◆ WHAT YOU HAVE TO DO: Repeat everything in the listing below. Keep each line exact.

:::

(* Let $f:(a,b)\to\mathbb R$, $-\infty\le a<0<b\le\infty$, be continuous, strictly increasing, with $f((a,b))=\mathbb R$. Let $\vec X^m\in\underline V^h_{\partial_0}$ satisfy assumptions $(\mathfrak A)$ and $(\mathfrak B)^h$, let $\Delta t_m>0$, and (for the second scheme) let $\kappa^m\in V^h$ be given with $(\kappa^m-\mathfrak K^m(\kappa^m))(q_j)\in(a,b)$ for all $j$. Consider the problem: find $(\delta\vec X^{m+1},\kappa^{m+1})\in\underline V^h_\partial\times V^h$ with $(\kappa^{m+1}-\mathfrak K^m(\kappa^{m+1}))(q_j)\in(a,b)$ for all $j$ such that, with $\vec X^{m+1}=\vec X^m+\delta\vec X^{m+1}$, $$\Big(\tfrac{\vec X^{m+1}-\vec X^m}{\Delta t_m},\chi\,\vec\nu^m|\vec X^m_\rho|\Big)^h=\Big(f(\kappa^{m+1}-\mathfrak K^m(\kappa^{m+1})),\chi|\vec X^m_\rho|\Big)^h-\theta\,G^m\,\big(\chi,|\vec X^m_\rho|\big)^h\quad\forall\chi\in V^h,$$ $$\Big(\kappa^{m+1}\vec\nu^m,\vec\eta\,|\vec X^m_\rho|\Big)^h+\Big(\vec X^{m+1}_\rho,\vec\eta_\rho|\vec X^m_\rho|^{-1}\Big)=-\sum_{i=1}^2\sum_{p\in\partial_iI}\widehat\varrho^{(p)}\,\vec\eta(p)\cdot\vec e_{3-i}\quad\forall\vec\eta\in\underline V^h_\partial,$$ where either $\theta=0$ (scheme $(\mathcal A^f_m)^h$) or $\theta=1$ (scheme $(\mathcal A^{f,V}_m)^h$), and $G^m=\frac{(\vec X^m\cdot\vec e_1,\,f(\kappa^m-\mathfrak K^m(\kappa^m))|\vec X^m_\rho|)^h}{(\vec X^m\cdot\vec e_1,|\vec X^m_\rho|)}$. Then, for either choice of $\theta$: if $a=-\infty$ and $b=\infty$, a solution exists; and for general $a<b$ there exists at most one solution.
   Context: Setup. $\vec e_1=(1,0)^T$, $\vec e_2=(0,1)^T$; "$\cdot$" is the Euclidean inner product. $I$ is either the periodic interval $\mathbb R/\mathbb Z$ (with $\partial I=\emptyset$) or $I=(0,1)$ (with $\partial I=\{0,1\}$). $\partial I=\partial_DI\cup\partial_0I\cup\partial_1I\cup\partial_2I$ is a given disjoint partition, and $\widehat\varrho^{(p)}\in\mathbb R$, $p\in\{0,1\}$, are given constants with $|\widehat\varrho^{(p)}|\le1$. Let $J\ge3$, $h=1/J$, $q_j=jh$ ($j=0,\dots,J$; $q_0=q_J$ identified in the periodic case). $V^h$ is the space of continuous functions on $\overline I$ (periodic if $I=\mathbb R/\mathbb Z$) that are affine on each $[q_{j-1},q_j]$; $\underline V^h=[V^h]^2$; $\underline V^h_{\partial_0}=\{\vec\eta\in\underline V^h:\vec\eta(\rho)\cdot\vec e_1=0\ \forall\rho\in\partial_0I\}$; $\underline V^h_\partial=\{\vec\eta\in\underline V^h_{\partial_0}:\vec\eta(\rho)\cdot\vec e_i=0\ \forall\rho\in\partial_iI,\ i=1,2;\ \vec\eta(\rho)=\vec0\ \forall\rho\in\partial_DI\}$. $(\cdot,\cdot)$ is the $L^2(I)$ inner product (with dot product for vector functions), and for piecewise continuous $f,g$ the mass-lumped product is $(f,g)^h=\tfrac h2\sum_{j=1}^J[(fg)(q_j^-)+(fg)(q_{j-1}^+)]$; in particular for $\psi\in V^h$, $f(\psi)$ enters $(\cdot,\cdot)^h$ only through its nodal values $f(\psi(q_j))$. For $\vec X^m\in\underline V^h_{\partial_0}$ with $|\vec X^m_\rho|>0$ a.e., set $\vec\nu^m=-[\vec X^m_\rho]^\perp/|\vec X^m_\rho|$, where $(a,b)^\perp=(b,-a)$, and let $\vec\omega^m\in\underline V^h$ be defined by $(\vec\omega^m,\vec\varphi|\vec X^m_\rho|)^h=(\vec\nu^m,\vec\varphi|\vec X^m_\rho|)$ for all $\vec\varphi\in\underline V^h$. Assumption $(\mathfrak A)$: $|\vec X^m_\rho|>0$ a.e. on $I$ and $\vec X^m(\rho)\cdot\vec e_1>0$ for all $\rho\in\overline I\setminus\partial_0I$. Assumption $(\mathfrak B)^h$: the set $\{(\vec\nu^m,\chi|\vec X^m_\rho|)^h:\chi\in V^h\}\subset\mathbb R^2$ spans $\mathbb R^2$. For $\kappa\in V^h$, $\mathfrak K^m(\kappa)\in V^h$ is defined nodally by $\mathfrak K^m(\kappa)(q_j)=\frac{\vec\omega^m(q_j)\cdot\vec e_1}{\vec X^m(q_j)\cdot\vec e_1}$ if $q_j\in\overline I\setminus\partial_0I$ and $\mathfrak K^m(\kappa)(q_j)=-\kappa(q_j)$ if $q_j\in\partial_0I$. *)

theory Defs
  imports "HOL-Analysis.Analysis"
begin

:::

◆ ANSWER:
(* Let $f:(a,b)\to\mathbb R$, $-\infty\le a<0<b\le\infty$, be continuous, strictly increasing, with $f((a,b))=\mathbb R$. Let $\vec X^m\in\underline V^h_{\partial_0}$ satisfy assumptions $(\mathfrak A)$ and $(\mathfrak B)^h$, let $\Delta t_m>0$, and (for the second scheme) let $\kappa^m\in V^h$ be given with $(\kappa^m-\mathfrak K^m(\kappa^m))(q_j)\in(a,b)$ for all $j$. Consider the problem: find $(\delta\vec X^{m+1},\kappa^{m+1})\in\underline V^h_\partial\times V^h$ with $(\kappa^{m+1}-\mathfrak K^m(\kappa^{m+1}))(q_j)\in(a,b)$ for all $j$ such that, with $\vec X^{m+1}=\vec X^m+\delta\vec X^{m+1}$, $$\Big(\tfrac{\vec X^{m+1}-\vec X^m}{\Delta t_m},\chi\,\vec\nu^m|\vec X^m_\rho|\Big)^h=\Big(f(\kappa^{m+1}-\mathfrak K^m(\kappa^{m+1})),\chi|\vec X^m_\rho|\Big)^h-\theta\,G^m\,\big(\chi,|\vec X^m_\rho|\big)^h\quad\forall\chi\in V^h,$$ $$\Big(\kappa^{m+1}\vec\nu^m,\vec\eta\,|\vec X^m_\rho|\Big)^h+\Big(\vec X^{m+1}_\rho,\vec\eta_\rho|\vec X^m_\rho|^{-1}\Big)=-\sum_{i=1}^2\sum_{p\in\partial_iI}\widehat\varrho^{(p)}\,\vec\eta(p)\cdot\vec e_{3-i}\quad\forall\vec\eta\in\underline V^h_\partial,$$ where either $\theta=0$ (scheme $(\mathcal A^f_m)^h$) or $\theta=1$ (scheme $(\mathcal A^{f,V}_m)^h$), and $G^m=\frac{(\vec X^m\cdot\vec e_1,\,f(\kappa^m-\mathfrak K^m(\kappa^m))|\vec X^m_\rho|)^h}{(\vec X^m\cdot\vec e_1,|\vec X^m_\rho|)}$. Then, for either choice of $\theta$: if $a=-\infty$ and $b=\infty$, a solution exists; and for general $a<b$ there exists at most one solution.
   Context: Setup. $\vec e_1=(1,0)^T$, $\vec e_2=(0,1)^T$; "$\cdot$" is the Euclidean inner product. $I$ is either the periodic interval $\mathbb R/\mathbb Z$ (with $\partial I=\emptyset$) or $I=(0,1)$ (with $\partial I=\{0,1\}$). $\partial I=\partial_DI\cup\partial_0I\cup\partial_1I\cup\partial_2I$ is a given disjoint partition, and $\widehat\varrho^{(p)}\in\mathbb R$, $p\in\{0,1\}$, are given constants with $|\widehat\varrho^{(p)}|\le1$. Let $J\ge3$, $h=1/J$, $q_j=jh$ ($j=0,\dots,J$; $q_0=q_J$ identified in the periodic case). $V^h$ is the space of continuous functions on $\overline I$ (periodic if $I=\mathbb R/\mathbb Z$) that are affine on each $[q_{j-1},q_j]$; $\underline V^h=[V^h]^2$; $\underline V^h_{\partial_0}=\{\vec\eta\in\underline V^h:\vec\eta(\rho)\cdot\vec e_1=0\ \forall\rho\in\partial_0I\}$; $\underline V^h_\partial=\{\vec\eta\in\underline V^h_{\partial_0}:\vec\eta(\rho)\cdot\vec e_i=0\ \forall\rho\in\partial_iI,\ i=1,2;\ \vec\eta(\rho)=\vec0\ \forall\rho\in\partial_DI\}$. $(\cdot,\cdot)$ is the $L^2(I)$ inner product (with dot product for vector functions), and for piecewise continuous $f,g$ the mass-lumped product is $(f,g)^h=\tfrac h2\sum_{j=1}^J[(fg)(q_j^-)+(fg)(q_{j-1}^+)]$; in particular for $\psi\in V^h$, $f(\psi)$ enters $(\cdot,\cdot)^h$ only through its nodal values $f(\psi(q_j))$. For $\vec X^m\in\underline V^h_{\partial_0}$ with $|\vec X^m_\rho|>0$ a.e., set $\vec\nu^m=-[\vec X^m_\rho]^\perp/|\vec X^m_\rho|$, where $(a,b)^\perp=(b,-a)$, and let $\vec\omega^m\in\underline V^h$ be defined by $(\vec\omega^m,\vec\varphi|\vec X^m_\rho|)^h=(\vec\nu^m,\vec\varphi|\vec X^m_\rho|)$ for all $\vec\varphi\in\underline V^h$. Assumption $(\mathfrak A)$: $|\vec X^m_\rho|>0$ a.e. on $I$ and $\vec X^m(\rho)\cdot\vec e_1>0$ for all $\rho\in\overline I\setminus\partial_0I$. Assumption $(\mathfrak B)^h$: the set $\{(\vec\nu^m,\chi|\vec X^m_\rho|)^h:\chi\in V^h\}\subset\mathbb R^2$ spans $\mathbb R^2$. For $\kappa\in V^h$, $\mathfrak K^m(\kappa)\in V^h$ is defined nodally by $\mathfrak K^m(\kappa)(q_j)=\frac{\vec\omega^m(q_j)\cdot\vec e_1}{\vec X^m(q_j)\cdot\vec e_1}$ if $q_j\in\overline I\setminus\partial_0I$ and $\mathfrak K^m(\kappa)(q_j)=-\kappa(q_j)$ if $q_j\in\partial_0I$. *)

theory Defs
  imports "HOL-Analysis.Analysis"
begin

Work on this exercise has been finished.